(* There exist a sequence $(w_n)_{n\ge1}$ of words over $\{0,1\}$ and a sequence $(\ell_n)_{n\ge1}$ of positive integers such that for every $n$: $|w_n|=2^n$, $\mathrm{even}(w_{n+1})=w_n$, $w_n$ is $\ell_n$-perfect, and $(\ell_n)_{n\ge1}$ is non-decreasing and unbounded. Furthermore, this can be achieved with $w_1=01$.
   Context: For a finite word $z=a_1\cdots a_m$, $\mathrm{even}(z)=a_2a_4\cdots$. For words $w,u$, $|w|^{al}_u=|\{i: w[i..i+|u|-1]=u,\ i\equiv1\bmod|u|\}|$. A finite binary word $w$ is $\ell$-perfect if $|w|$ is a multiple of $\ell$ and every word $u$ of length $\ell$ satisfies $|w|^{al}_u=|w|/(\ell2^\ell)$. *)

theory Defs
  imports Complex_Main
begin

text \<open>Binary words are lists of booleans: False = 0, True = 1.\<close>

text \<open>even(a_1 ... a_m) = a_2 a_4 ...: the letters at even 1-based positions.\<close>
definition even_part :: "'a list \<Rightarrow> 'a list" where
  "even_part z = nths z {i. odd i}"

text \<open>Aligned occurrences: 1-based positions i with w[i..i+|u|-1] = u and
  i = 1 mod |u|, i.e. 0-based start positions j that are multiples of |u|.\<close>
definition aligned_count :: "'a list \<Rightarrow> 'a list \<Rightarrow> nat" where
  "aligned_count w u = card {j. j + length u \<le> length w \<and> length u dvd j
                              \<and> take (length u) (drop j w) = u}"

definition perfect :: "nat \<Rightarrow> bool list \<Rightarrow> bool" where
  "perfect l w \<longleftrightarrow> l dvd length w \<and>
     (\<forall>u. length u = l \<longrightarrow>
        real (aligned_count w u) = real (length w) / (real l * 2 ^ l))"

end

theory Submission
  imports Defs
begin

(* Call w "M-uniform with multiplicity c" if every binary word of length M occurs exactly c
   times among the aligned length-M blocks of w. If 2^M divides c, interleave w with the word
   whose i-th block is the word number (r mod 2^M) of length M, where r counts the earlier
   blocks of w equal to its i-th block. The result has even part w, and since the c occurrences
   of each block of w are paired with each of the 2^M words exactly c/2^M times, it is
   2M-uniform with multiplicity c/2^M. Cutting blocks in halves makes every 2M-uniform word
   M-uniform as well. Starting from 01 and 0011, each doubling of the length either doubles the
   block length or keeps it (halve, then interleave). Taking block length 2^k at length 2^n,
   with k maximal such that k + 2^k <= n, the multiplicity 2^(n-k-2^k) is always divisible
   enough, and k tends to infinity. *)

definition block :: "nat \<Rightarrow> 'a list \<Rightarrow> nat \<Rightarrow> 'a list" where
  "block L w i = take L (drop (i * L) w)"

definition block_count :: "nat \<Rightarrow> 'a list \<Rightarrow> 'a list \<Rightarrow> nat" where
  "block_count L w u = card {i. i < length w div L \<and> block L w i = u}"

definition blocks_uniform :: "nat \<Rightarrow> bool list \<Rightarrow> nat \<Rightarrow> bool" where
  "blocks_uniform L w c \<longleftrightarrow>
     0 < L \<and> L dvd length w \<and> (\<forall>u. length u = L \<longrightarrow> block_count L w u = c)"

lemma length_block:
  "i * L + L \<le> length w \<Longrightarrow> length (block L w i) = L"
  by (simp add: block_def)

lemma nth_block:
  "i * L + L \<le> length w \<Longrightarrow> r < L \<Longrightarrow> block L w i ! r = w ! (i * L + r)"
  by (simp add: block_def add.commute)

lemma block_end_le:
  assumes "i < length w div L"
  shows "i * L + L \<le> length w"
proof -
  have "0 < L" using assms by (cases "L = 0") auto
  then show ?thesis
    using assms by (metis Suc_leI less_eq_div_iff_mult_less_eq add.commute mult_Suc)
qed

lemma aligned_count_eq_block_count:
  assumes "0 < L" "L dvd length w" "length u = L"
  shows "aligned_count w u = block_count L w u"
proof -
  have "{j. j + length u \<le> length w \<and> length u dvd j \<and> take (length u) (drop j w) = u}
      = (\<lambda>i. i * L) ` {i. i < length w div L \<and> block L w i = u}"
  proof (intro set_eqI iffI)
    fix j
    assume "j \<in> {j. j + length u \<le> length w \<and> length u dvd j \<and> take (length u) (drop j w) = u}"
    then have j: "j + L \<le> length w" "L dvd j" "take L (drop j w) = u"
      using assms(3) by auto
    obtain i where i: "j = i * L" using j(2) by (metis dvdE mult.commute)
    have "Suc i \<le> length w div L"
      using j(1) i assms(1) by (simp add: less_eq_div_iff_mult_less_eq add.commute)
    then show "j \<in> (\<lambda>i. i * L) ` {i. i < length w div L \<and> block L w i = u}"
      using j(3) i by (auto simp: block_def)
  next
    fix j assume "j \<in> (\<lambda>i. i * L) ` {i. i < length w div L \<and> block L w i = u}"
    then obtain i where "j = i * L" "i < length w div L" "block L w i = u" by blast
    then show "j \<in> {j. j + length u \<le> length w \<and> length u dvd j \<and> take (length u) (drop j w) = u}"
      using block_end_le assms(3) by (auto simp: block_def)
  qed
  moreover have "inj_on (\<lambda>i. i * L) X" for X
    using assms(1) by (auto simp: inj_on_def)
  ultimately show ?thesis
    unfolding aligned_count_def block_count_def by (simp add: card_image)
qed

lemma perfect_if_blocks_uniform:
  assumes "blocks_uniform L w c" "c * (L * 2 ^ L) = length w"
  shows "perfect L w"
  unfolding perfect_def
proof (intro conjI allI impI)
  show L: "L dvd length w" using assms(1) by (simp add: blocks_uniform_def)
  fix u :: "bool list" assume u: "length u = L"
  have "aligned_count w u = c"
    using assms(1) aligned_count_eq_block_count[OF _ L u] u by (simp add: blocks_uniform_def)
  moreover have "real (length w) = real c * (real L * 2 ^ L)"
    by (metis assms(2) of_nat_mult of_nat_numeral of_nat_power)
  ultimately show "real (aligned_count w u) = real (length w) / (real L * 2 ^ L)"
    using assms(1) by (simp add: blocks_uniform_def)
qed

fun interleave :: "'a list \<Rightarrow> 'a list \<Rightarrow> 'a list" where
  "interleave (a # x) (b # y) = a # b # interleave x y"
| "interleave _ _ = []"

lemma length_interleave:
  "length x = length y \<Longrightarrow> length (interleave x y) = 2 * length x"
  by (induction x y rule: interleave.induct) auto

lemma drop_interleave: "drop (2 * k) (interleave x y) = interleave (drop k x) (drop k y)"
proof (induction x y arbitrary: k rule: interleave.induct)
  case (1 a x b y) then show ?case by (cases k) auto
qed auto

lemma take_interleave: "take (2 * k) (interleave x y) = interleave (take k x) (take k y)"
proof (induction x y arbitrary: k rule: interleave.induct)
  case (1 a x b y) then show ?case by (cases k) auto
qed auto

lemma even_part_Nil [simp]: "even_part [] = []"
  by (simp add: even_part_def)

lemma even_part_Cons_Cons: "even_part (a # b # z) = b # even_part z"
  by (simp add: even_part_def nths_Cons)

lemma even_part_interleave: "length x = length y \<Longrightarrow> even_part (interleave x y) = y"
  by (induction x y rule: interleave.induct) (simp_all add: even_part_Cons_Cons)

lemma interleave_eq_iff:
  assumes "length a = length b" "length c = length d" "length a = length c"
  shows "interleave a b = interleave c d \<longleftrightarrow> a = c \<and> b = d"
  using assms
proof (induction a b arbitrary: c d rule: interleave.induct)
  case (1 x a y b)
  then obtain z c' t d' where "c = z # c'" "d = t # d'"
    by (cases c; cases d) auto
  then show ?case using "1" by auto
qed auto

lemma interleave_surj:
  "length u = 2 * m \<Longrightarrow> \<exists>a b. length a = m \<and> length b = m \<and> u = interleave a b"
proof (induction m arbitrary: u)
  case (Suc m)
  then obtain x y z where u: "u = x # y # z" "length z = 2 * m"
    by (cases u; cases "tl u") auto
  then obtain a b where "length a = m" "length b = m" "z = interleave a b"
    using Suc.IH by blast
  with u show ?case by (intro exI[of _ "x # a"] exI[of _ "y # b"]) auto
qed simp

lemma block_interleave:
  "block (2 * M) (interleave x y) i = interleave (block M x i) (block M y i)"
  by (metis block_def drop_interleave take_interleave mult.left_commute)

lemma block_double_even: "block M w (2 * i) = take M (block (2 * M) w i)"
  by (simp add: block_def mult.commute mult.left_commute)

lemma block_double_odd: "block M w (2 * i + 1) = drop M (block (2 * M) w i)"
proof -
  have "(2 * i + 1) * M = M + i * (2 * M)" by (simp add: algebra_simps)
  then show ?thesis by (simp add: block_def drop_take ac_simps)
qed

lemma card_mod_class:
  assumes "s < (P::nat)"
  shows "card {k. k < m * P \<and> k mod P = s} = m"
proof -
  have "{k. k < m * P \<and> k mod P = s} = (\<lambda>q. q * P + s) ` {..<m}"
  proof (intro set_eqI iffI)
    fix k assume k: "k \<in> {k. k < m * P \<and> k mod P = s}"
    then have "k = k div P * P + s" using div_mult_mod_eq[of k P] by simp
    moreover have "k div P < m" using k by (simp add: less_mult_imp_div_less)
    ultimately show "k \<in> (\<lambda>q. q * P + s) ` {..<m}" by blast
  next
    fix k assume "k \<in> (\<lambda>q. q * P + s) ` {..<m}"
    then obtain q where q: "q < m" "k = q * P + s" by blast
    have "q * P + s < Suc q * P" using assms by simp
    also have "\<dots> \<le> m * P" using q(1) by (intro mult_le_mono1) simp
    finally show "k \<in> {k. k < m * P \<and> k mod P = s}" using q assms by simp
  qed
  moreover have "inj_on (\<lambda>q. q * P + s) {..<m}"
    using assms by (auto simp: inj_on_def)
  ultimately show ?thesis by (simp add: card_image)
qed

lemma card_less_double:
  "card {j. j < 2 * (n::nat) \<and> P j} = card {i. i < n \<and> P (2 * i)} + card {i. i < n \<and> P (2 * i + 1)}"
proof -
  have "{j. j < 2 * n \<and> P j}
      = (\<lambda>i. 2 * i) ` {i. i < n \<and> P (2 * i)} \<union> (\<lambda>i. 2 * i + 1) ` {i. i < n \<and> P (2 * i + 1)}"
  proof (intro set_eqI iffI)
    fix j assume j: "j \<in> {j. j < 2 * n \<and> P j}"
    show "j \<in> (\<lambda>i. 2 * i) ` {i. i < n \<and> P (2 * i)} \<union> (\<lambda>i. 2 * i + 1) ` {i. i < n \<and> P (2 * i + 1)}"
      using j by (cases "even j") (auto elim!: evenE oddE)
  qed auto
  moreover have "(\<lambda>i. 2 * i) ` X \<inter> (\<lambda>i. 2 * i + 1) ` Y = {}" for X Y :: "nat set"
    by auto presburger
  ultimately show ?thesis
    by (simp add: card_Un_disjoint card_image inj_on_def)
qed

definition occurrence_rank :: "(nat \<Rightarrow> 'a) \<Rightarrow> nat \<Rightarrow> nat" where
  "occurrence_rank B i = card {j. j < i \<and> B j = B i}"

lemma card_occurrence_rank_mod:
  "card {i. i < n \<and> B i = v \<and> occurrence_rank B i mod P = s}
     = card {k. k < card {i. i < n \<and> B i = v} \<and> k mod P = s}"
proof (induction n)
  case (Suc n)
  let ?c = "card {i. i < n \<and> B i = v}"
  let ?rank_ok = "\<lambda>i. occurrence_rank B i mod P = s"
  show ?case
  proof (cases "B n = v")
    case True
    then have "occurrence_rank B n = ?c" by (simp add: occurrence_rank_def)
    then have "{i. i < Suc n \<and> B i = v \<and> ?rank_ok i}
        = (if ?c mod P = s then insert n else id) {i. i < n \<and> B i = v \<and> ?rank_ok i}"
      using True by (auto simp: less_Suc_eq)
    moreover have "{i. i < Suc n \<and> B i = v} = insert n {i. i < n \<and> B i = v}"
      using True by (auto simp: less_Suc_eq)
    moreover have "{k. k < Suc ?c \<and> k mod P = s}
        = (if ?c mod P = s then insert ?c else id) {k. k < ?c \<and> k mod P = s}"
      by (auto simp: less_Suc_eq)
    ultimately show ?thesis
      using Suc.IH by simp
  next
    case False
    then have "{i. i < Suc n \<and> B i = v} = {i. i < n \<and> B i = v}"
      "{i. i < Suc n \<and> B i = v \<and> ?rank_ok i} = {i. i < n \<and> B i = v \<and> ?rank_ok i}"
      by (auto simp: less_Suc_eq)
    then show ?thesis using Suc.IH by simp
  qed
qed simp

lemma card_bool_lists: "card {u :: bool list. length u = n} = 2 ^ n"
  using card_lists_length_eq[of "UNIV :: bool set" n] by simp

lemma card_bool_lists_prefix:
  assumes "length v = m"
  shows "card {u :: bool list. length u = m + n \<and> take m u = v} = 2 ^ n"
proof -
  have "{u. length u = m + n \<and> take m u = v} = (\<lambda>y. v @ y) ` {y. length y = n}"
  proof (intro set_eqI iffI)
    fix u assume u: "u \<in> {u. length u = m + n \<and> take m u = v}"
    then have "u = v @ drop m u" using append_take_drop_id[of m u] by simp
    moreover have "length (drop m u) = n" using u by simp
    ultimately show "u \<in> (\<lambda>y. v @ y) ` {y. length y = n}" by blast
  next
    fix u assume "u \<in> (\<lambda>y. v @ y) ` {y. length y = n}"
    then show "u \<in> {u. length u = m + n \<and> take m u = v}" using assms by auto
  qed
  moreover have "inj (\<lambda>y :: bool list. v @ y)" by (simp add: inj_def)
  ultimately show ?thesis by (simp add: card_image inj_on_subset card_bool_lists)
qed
....................
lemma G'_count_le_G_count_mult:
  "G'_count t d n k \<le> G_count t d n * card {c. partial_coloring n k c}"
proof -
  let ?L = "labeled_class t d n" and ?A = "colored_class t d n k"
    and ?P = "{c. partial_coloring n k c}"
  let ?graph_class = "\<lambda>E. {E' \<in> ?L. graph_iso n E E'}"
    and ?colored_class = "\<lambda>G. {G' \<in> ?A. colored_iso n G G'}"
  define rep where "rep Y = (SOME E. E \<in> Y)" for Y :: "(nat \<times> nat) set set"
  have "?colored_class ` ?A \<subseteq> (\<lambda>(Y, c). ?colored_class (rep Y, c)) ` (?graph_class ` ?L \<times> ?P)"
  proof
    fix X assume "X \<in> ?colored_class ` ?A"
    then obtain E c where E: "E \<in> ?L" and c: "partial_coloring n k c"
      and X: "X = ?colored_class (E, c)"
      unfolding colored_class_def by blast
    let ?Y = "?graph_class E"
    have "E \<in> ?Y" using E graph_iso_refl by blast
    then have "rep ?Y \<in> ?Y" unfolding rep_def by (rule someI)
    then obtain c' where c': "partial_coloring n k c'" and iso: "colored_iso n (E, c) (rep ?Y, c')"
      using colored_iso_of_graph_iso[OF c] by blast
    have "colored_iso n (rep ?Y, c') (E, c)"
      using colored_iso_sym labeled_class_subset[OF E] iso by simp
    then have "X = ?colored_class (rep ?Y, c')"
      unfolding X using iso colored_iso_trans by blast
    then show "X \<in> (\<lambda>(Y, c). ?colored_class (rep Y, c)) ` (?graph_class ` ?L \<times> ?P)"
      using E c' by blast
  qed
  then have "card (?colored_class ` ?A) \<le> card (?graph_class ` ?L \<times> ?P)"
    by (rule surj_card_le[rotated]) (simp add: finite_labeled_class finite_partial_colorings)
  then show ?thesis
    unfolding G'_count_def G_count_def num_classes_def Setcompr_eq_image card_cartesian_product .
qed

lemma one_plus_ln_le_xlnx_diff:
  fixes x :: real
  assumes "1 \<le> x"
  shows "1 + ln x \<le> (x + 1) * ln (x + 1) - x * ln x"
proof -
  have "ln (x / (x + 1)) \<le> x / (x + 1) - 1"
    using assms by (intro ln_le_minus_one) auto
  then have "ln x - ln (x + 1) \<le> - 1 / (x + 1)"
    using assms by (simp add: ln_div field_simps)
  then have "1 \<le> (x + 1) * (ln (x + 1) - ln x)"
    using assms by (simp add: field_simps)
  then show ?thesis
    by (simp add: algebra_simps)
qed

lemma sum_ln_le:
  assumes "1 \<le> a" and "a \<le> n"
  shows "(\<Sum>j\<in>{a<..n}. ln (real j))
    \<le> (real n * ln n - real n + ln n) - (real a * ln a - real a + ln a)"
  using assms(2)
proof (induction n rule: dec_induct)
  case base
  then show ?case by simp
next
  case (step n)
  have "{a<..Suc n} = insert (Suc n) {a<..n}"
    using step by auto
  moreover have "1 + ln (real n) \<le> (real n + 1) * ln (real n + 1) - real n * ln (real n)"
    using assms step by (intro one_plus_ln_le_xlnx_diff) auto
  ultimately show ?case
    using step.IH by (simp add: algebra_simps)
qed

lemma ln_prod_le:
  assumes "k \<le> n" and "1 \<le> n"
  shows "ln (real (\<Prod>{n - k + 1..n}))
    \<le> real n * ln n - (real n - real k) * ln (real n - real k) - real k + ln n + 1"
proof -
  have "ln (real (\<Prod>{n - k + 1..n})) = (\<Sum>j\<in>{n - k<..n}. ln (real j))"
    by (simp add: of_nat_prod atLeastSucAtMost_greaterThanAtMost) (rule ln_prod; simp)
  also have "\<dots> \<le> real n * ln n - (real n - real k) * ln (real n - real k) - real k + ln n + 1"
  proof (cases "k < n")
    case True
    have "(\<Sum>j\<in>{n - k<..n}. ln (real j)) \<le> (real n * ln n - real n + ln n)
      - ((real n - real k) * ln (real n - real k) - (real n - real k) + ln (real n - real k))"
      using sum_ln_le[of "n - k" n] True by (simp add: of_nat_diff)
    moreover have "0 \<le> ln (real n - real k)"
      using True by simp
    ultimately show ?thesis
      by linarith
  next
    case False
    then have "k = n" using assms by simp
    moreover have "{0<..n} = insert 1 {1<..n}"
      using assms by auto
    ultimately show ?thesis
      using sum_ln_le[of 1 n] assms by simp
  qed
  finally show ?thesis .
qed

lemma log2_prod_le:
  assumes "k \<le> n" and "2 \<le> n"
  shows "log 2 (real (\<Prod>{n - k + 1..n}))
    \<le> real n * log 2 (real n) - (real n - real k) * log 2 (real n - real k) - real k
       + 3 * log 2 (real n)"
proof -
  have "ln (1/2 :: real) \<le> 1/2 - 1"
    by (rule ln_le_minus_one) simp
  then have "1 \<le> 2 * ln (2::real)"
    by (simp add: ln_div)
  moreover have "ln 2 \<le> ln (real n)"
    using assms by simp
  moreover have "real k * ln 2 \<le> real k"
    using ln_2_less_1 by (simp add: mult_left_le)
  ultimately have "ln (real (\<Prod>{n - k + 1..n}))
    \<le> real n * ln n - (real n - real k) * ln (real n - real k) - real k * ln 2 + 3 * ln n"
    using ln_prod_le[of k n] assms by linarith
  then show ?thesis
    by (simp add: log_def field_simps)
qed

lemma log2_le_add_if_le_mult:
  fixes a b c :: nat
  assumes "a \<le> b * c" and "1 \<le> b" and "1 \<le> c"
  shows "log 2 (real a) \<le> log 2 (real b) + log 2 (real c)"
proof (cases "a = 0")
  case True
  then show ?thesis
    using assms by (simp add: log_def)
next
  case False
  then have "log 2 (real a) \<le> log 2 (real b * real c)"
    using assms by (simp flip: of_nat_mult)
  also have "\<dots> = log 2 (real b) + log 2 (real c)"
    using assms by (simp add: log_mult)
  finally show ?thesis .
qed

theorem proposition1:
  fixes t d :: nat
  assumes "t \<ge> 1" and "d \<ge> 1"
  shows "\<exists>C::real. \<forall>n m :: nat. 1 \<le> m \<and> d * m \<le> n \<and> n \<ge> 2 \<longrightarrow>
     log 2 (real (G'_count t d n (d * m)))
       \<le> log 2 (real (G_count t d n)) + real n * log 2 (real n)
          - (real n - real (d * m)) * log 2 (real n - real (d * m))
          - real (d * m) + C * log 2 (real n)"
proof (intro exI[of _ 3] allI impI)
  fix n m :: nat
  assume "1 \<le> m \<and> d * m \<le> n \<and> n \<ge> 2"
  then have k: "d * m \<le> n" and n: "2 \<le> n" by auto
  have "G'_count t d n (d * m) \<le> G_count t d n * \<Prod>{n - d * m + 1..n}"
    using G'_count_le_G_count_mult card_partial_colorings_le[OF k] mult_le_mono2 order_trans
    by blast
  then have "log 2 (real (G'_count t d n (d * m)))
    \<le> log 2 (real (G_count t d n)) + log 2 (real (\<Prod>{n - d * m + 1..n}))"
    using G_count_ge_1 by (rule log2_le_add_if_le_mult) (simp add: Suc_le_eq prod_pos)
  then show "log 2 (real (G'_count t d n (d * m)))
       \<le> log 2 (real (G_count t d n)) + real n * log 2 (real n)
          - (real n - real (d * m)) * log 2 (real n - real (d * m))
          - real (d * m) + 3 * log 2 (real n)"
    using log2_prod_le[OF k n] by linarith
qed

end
....................
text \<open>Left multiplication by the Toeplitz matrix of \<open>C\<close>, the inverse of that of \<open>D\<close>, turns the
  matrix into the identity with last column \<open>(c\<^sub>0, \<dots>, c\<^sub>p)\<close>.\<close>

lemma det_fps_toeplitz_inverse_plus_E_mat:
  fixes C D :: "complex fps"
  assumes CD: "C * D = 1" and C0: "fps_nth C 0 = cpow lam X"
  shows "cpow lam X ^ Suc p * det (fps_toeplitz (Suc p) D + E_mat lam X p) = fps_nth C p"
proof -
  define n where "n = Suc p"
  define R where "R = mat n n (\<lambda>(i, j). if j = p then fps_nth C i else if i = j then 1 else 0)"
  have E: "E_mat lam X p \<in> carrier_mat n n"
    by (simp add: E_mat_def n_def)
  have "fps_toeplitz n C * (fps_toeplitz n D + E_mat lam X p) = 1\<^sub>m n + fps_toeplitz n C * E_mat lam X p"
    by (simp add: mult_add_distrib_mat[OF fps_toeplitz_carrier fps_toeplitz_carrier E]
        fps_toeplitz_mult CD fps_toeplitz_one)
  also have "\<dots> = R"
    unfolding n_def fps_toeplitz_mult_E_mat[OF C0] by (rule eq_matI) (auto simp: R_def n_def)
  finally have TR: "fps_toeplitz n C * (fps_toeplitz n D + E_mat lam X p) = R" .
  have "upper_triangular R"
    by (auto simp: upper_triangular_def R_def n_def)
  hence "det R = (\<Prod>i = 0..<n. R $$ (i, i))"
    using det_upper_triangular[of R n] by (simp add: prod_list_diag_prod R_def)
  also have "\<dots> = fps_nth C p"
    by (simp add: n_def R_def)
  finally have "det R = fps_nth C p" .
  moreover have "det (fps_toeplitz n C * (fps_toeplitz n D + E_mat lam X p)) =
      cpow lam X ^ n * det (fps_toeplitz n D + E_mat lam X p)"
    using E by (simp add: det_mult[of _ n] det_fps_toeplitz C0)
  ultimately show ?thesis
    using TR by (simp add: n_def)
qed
....................
Write out every line from the entries where "linarith" appears.

- **ANSWER TO THE PROBLEM**:
      by linarith
    using ln_prod_le[of k n] assms by linarith
    using log2_prod_le[OF k n] by linarith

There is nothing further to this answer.